→ WHAT IS REQUIRED:
Once you reach the line containing "using q_pos by (simp add: shift_def)", copy it and every line after it exactly, through the end of the data below.

→ RECORDS FOR THIS EXERCISE:
(* Let $p,q,r\ge1$ and $E$ be positive integers, $A\in[-E,E]^{p\times q}$ and $B\in[-E,E]^{q\times r}$ integer matrices, and set $A_{p,j}:=0$ for all $j$. Let the alphabet consist of pairwise distinct characters $x_0,\dots,x_{p-1},x_p^{(0)},\dots,x_p^{(r-1)},x_{p+1},\dots,x_{2p},y_0,\dots,y_{2p+q-1}$. For $\ell\in[0,r)$ let $X_\ell:=x_0\cdots x_{p-1}x_p^{(\ell)}x_{p+1}\cdots x_{2p}$ (length $2p+1$) and $Y:=y_0\cdots y_{2p+q-1}$. Let $D,F$ be positive integers with $E\ll D\ll F$, where $a\ll b$ means $a(|X_\ell|+|Y|)<b$. Define the weight function $w$ by: $w(\sigma,\varepsilon)=w(\varepsilon,\sigma)=F$ for every character $\sigma$; $w(x_i,y_{i+j})=F+A_{i,j}-A_{i+1,j}+(q-j)D$ for $i\in[0,p)$, $j\in[0,q)$; $w(x_p^{(\ell)},y_{p+j})=F+B_{j,\ell}$ for $j\in[0,q)$; $w(x_{p+i},y_{p+i+j})=F+(j+1)D$ for $i\in[1,p]$, $j\in[0,q)$; $w(\sigma,\sigma)=0$; and $w(\sigma,\rho)=2F$ for all other pairs. Then for every $\ell\in[0,r)$ and every $i\in[0,p)$, $$\mathrm{ed}^w\big(X_\ell[i\,.\,.\,|X_\ell|-i),Y\big)=|Y|\,F+(p-i)(q+1)D+\min_j\{A_{i,j}+B_{j,\ell}\},$$ and an optimal alignment deletes no characters of $X_\ell$.
   Context: $X[a\,.\,.\,b)$ denotes the fragment $X[a]\cdots X[b-1]$. $\mathrm{ed}^w(X,Y)$ is the minimum total cost of an alignment of $X$ onto $Y$, i.e., of a monotone lattice path from $(0,0)$ to $(|X|,|Y|)$ with steps $(1,0)$ from $(x,y)$ (deleting $X[x]$, cost $w(X[x],\varepsilon)$), $(0,1)$ (inserting $Y[y]$, cost $w(\varepsilon,Y[y])$), and $(1,1)$ (aligning $X[x]$ to $Y[y]$, cost $w(X[x],Y[y])$). *)

theory Defs
  imports Main
begin

text \<open>Characters of the alphabet: Xc i is x_i (used for i in [0,p) and [p+1,2p]),
  Xp l is x_p^(l), Yc k is y_k. Distinct constructors/arguments give pairwise distinct characters.\<close>
datatype chr = Xc nat | Xp nat | Yc nat

datatype step = Del | Ins | Match

text \<open>Weight functions: None stands for the empty string epsilon.\<close>
type_synonym weight = "chr option \<Rightarrow> chr option \<Rightarrow> int"

fun acost :: "weight \<Rightarrow> chr list \<Rightarrow> chr list \<Rightarrow> step list \<Rightarrow> int option" where
  "acost w [] [] [] = Some 0"
| "acost w (x # xs) ys (Del # ss) = map_option ((+) (w (Some x) None)) (acost w xs ys ss)"
| "acost w xs (y # ys) (Ins # ss) = map_option ((+) (w None (Some y))) (acost w xs ys ss)"
| "acost w (x # xs) (y # ys) (Match # ss) = map_option ((+) (w (Some x) (Some y))) (acost w xs ys ss)"
| "acost w _ _ _ = None"

definition ed_w :: "weight \<Rightarrow> chr list \<Rightarrow> chr list \<Rightarrow> int" where
  "ed_w w X Y = Min {c. \<exists>ss. acost w X Y ss = Some c}"

definition frag :: "'a list \<Rightarrow> nat \<Rightarrow> nat \<Rightarrow> 'a list" where
  "frag X a b = drop a (take b X)"

definition Xword :: "nat \<Rightarrow> nat \<Rightarrow> chr list" where
  "Xword p l = map (\<lambda>k. if k = p then Xp l else Xc k) [0..<2*p+1]"

definition Yword :: "nat \<Rightarrow> nat \<Rightarrow> chr list" where
  "Yword p q = map Yc [0..<2*p+q]"

definition Aext :: "nat \<Rightarrow> (nat \<Rightarrow> nat \<Rightarrow> int) \<Rightarrow> nat \<Rightarrow> nat \<Rightarrow> int" where
  "Aext p A i j = (if i = p then 0 else A i j)"

definition wgt :: "nat \<Rightarrow> nat \<Rightarrow> (nat \<Rightarrow> nat \<Rightarrow> int) \<Rightarrow> (nat \<Rightarrow> nat \<Rightarrow> int)
    \<Rightarrow> int \<Rightarrow> int \<Rightarrow> weight" where
  "wgt p q A B D F a b =
    (case (a, b) of
       (Some s, None) \<Rightarrow> F
     | (None, Some s) \<Rightarrow> F
     | (None, None) \<Rightarrow> 0
     | (Some s, Some t) \<Rightarrow>
         (if s = t then 0 else
          (case (s, t) of
             (Xc i, Yc k) \<Rightarrow>
                (if i < p \<and> i \<le> k \<and> k < i + q then
                   F + Aext p A i (k - i) - Aext p A (i + 1) (k - i) + int (q - (k - i)) * D
                 else if p + 1 \<le> i \<and> i \<le> 2 * p \<and> i \<le> k \<and> k < i + q then
                   F + int (k - i + 1) * D
                 else 2 * F)
           | (Xp l, Yc k) \<Rightarrow> (if p \<le> k \<and> k < p + q then F + B (k - p) l else 2 * F)
           | _ \<Rightarrow> 2 * F)))"

end

theory Submission
  imports Defs
begin

text \<open>The lower bound is a potential argument. At a grid point (t, k) of the alignment graph
  (characters x_t and y_k are next), let c be k - t clamped to [0, q). The potential charges F
  for every remaining character of Y, plus the D- and A/B-terms of completing the alignment by
  matching the remaining x's along diagonal c. No step makes the potential drop by more than
  its cost: a deletion pays an extra F, which exceeds every D-term since D \<ll> F; moving to a
  later diagonal costs at least one D, because more characters of the right half than of the
  left half remain, and this exceeds every A/B-term since E \<ll> D; a match on the diagonal
  pays exactly the drop, since these costs telescope. So every alignment costs at least the
  potential at (i, 0), and a single diagonal alignment attains it.\<close>

lemma acost_length_le: "acost w X Y ss = Some c \<Longrightarrow> length ss \<le> length X + length Y"
  by (induction w X Y ss arbitrary: c rule: acost.induct) auto

lemma finite_acost_values: "finite {c. \<exists>ss. acost w X Y ss = Some c}"
proof -
  have "UNIV = {Del, Ins, Match}" using step.exhaust by auto
  then have "finite (UNIV :: step set)" by (metis finite.emptyI finite.insertI)
  then have "finite {ss :: step list. length ss \<le> length X + length Y}"
    using finite_lists_length_le[OF \<open>finite UNIV\<close>] by simp
  moreover have "{c. \<exists>ss. acost w X Y ss = Some c}
      \<subseteq> (\<lambda>ss. the (acost w X Y ss)) ` {ss. length ss \<le> length X + length Y}"
    using acost_length_le by force
  ultimately show ?thesis by (meson finite_imageI finite_subset)
qed

lemma ed_w_eqI:
  assumes "acost w X Y ss = Some c"
    and "\<And>ss' c'. acost w X Y ss' = Some c' \<Longrightarrow> c \<le> c'"
  shows "ed_w w X Y = c"
  unfolding ed_w_def using assms finite_acost_values by (intro Min_eqI) auto

lemma acost_ge_potential:
  fixes \<Phi> :: "nat \<Rightarrow> nat \<Rightarrow> int"
  assumes final: "\<Phi> (length X) (length Y) \<le> 0"
    and del: "\<And>s k. s < length X \<Longrightarrow> k \<le> length Y \<Longrightarrow>
      \<Phi> s k \<le> w (Some (X ! s)) None + \<Phi> (Suc s) k"
    and ins: "\<And>s k. s \<le> length X \<Longrightarrow> k < length Y \<Longrightarrow>
      \<Phi> s k \<le> w None (Some (Y ! k)) + \<Phi> s (Suc k)"
    and match: "\<And>s k. s < length X \<Longrightarrow> k < length Y \<Longrightarrow>
      \<Phi> s k \<le> w (Some (X ! s)) (Some (Y ! k)) + \<Phi> (Suc s) (Suc k)"
    and cost: "acost w X Y ss = Some c"
  shows "\<Phi> 0 0 \<le> c"
proof -
  have "\<Phi> s k \<le> c"
    if "s \<le> length X" "k \<le> length Y" "acost w (drop s X) (drop k Y) ss = Some c" for s k c
    using that
  proof (induction ss arbitrary: s k c)
    case Nil
    then show ?case using final by (cases "drop s X"; cases "drop k Y") auto
  next
    case (Cons st ss)
    consider (Del) "st = Del" | (Ins) "st = Ins" | (Match) "st = Match" by (cases st) auto
    then show ?case
    proof cases
      case Del
      then have "s < length X" using Cons.prems by (cases "s < length X") auto
      then obtain c' where "acost w (drop (Suc s) X) (drop k Y) ss = Some c'"
          and "c = w (Some (X ! s)) None + c'"
        using Cons.prems Del by (auto simp: Cons_nth_drop_Suc[symmetric])
      then show ?thesis
        using Cons.IH[of "Suc s" k c'] Cons.prems del[of s k] \<open>s < length X\<close> by simp
    next
      case Ins
      then have "k < length Y" using Cons.prems by (cases "k < length Y") auto
      then obtain c' where "acost w (drop s X) (drop (Suc k) Y) ss = Some c'"
          and "c = w None (Some (Y ! k)) + c'"
        using Cons.prems Ins by (auto simp: Cons_nth_drop_Suc[symmetric])
      then show ?thesis
        using Cons.IH[of s "Suc k" c'] Cons.prems ins[of s k] \<open>k < length Y\<close> by simp
    next
      case Match
      then have "s < length X" "k < length Y" using Cons.prems
        by (cases "s < length X"; cases "k < length Y"; auto)+
      then obtain c' where "acost w (drop (Suc s) X) (drop (Suc k) Y) ss = Some c'"
          and "c = w (Some (X ! s)) (Some (Y ! k)) + c'"
        using Cons.prems Match by (auto simp: Cons_nth_drop_Suc[symmetric])
      then show ?thesis
        using Cons.IH[of "Suc s" "Suc k" c'] Cons.prems match[of s k]
          \<open>s < length X\<close> \<open>k < length Y\<close>
        by simp
    qed
  qed
  from this[of 0 0 c] show ?thesis using cost by simp
qed

lemma acost_Ins_prefix:
  "acost w X (Y1 @ Y2) (replicate (length Y1) Ins @ ss)
     = map_option ((+) (\<Sum>y\<leftarrow>Y1. w None (Some y))) (acost w X Y2 ss)"
  by (induction Y1) (simp_all add: option.map_comp o_def add.assoc option.map_ident)

lemma acost_Match_prefix:
  "length X1 = length Y1 \<Longrightarrow>
   acost w (X1 @ X2) (Y1 @ Y2) (replicate (length X1) Match @ ss)
     = map_option ((+) (\<Sum>(x, y)\<leftarrow>zip X1 Y1. w (Some x) (Some y))) (acost w X2 Y2 ss)"
  by (induction X1 Y1 rule: list_induct2)
    (simp_all add: option.map_comp o_def add.assoc option.map_ident)

locale min_plus_gadget =
  fixes p q :: nat and E D F :: int and A B :: "nat \<Rightarrow> nat \<Rightarrow> int" and l i :: nat
  assumes p_pos: "p \<ge> 1" and q_pos: "q \<ge> 1" and E_pos: "E > 0"
    and A_bounded: "\<forall>i<p. \<forall>j<q. -E \<le> A i j \<and> A i j \<le> E"
    and B_bounded: "\<forall>j<q. -E \<le> B j l \<and> B j l \<le> E"
    and E_ll_D: "E * int ((2*p+1) + (2*p+q)) < D"
    and D_ll_F: "D * int ((2*p+1) + (2*p+q)) < F"
    and i_less_p: "i < p"
begin

abbreviation w :: weight where "w \<equiv> wgt p q A B D F"

definition xend :: nat where "xend = 2*p + 1 - i"
definition ylen :: nat where "ylen = 2*p + q"
definition xchar :: "nat \<Rightarrow> chr" where "xchar t = (if t = p then Xp l else Xc t)"

abbreviation X_frag :: "chr list" where "X_frag \<equiv> map xchar [i..<xend]"
abbreviation Y_word :: "chr list" where "Y_word \<equiv> map Yc [0..<ylen]"

text \<open>The remaining x's are matched to y's on diagonal c = shift t k, costing D (q - c) for each
  left-half and D (c + 1) for each right-half character; n_right t counts the latter. For t \<le> p
  the A/B-parts of these matches telescope to A t c + B c l. At t = i the diagonal may still
  move forward for free, hence the minimum in AB_part.\<close>

definition shift :: "nat \<Rightarrow> nat \<Rightarrow> nat" where "shift t k = min (q - 1) (k - t)"
definition n_right :: "nat \<Rightarrow> nat" where "n_right t = xend - max t (p + 1)"
definition D_count :: "nat \<Rightarrow> nat \<Rightarrow> int" where
  "D_count t k = int (p - t) * int (q - shift t k) + int (n_right t) * int (Suc (shift t k))"
definition AB_term :: "nat \<Rightarrow> nat \<Rightarrow> int" where
  "AB_term t j = (if t \<le> p then Aext p A t j + B j l else 0)"
definition AB_part :: "nat \<Rightarrow> nat \<Rightarrow> int" where
  "AB_part t k
     = (if t = i then (MIN j\<in>{shift t k..<q}. AB_term i j) else AB_term t (shift t k))"
definition potential :: "nat \<Rightarrow> nat \<Rightarrow> int" where
  "potential t k = int (ylen - k) * F + D * D_count t k + AB_part t k"

lemma w_del: "w (Some x) None = F" and w_ins: "w None (Some y) = F"
  by (simp_all add: wgt_def)

lemma D_pos: "D > 0" and four_E_less_D: "4 * E < D"
proof -
  have "E * 4 \<le> E * int ((2*p+1) + (2*p+q))" using p_pos E_pos by (intro mult_left_mono) auto
  then show "4 * E < D" using E_ll_D by linarith
  then show "D > 0" using E_pos by linarith
qed

lemma D_F_bound: "D * (int p + int q + 1) \<le> F"
proof -
  have "D * (int p + int q + 1) \<le> D * int ((2*p+1) + (2*p+q))"
    using D_pos by (intro mult_left_mono) auto
  then show ?thesis using D_ll_F by linarith
qed

lemma xend_gt_p: "p < xend" and xend_le: "xend \<le> 2*p + 1" and i_le_xend: "i \<le> xend"
  using i_less_p by (auto simp: xend_def)

lemma shift_less: "shift t k < q"
  using q_pos by (simp add: shift_def)

lemma shift_Suc_Suc: "shift (Suc t) (Suc k) = shift t k"
  by (simp add: shift_def)

lemma shift_in_band: "t \<le> k \<Longrightarrow> k < t + q \<Longrightarrow> shift t k = k - t"
  by (simp add: shift_def)

lemma shift_Suc_right: "shift t (Suc k) = shift t k \<or> shift t (Suc k) = Suc (shift t k)"
  unfolding shift_def by linarith

lemma shift_Suc_left: "shift (Suc t) k \<le> shift t k" "shift t k \<le> Suc (shift (Suc t) k)"
  by (auto simp: shift_def)

lemma n_right_le: "n_right t \<le> p"
  by (simp add: n_right_def xend_def)

lemma D_count_at_start: "D_count i k = int (p - i) * (int q + 1)"
proof -
  have "n_right i = p - i" using i_less_p by (simp add: n_right_def xend_def)
  then show ?thesis using shift_less[of i k] by (simp add: D_count_def of_nat_diff algebra_simps)
qed

lemma D_count_at_end: "D_count xend k = 0"
  using xend_gt_p by (simp add: D_count_def n_right_def)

→ TASK ANSWER:
  using q_pos by (simp add: shift_def)

lemma shift_Suc_Suc: "shift (Suc t) (Suc k) = shift t k"
  by (simp add: shift_def)

lemma shift_in_band: "t \<le> k \<Longrightarrow> k < t + q \<Longrightarrow> shift t k = k - t"
  by (simp add: shift_def)

lemma shift_Suc_right: "shift t (Suc k) = shift t k \<or> shift t (Suc k) = Suc (shift t k)"
  unfolding shift_def by linarith

lemma shift_Suc_left: "shift (Suc t) k \<le> shift t k" "shift t k \<le> Suc (shift (Suc t) k)"
  by (auto simp: shift_def)

lemma n_right_le: "n_right t \<le> p"
  by (simp add: n_right_def xend_def)

lemma D_count_at_start: "D_count i k = int (p - i) * (int q + 1)"
proof -
  have "n_right i = p - i" using i_less_p by (simp add: n_right_def xend_def)
  then show ?thesis using shift_less[of i k] by (simp add: D_count_def of_nat_diff algebra_simps)
qed

lemma D_count_at_end: "D_count xend k = 0"
  using xend_gt_p by (simp add: D_count_def n_right_def)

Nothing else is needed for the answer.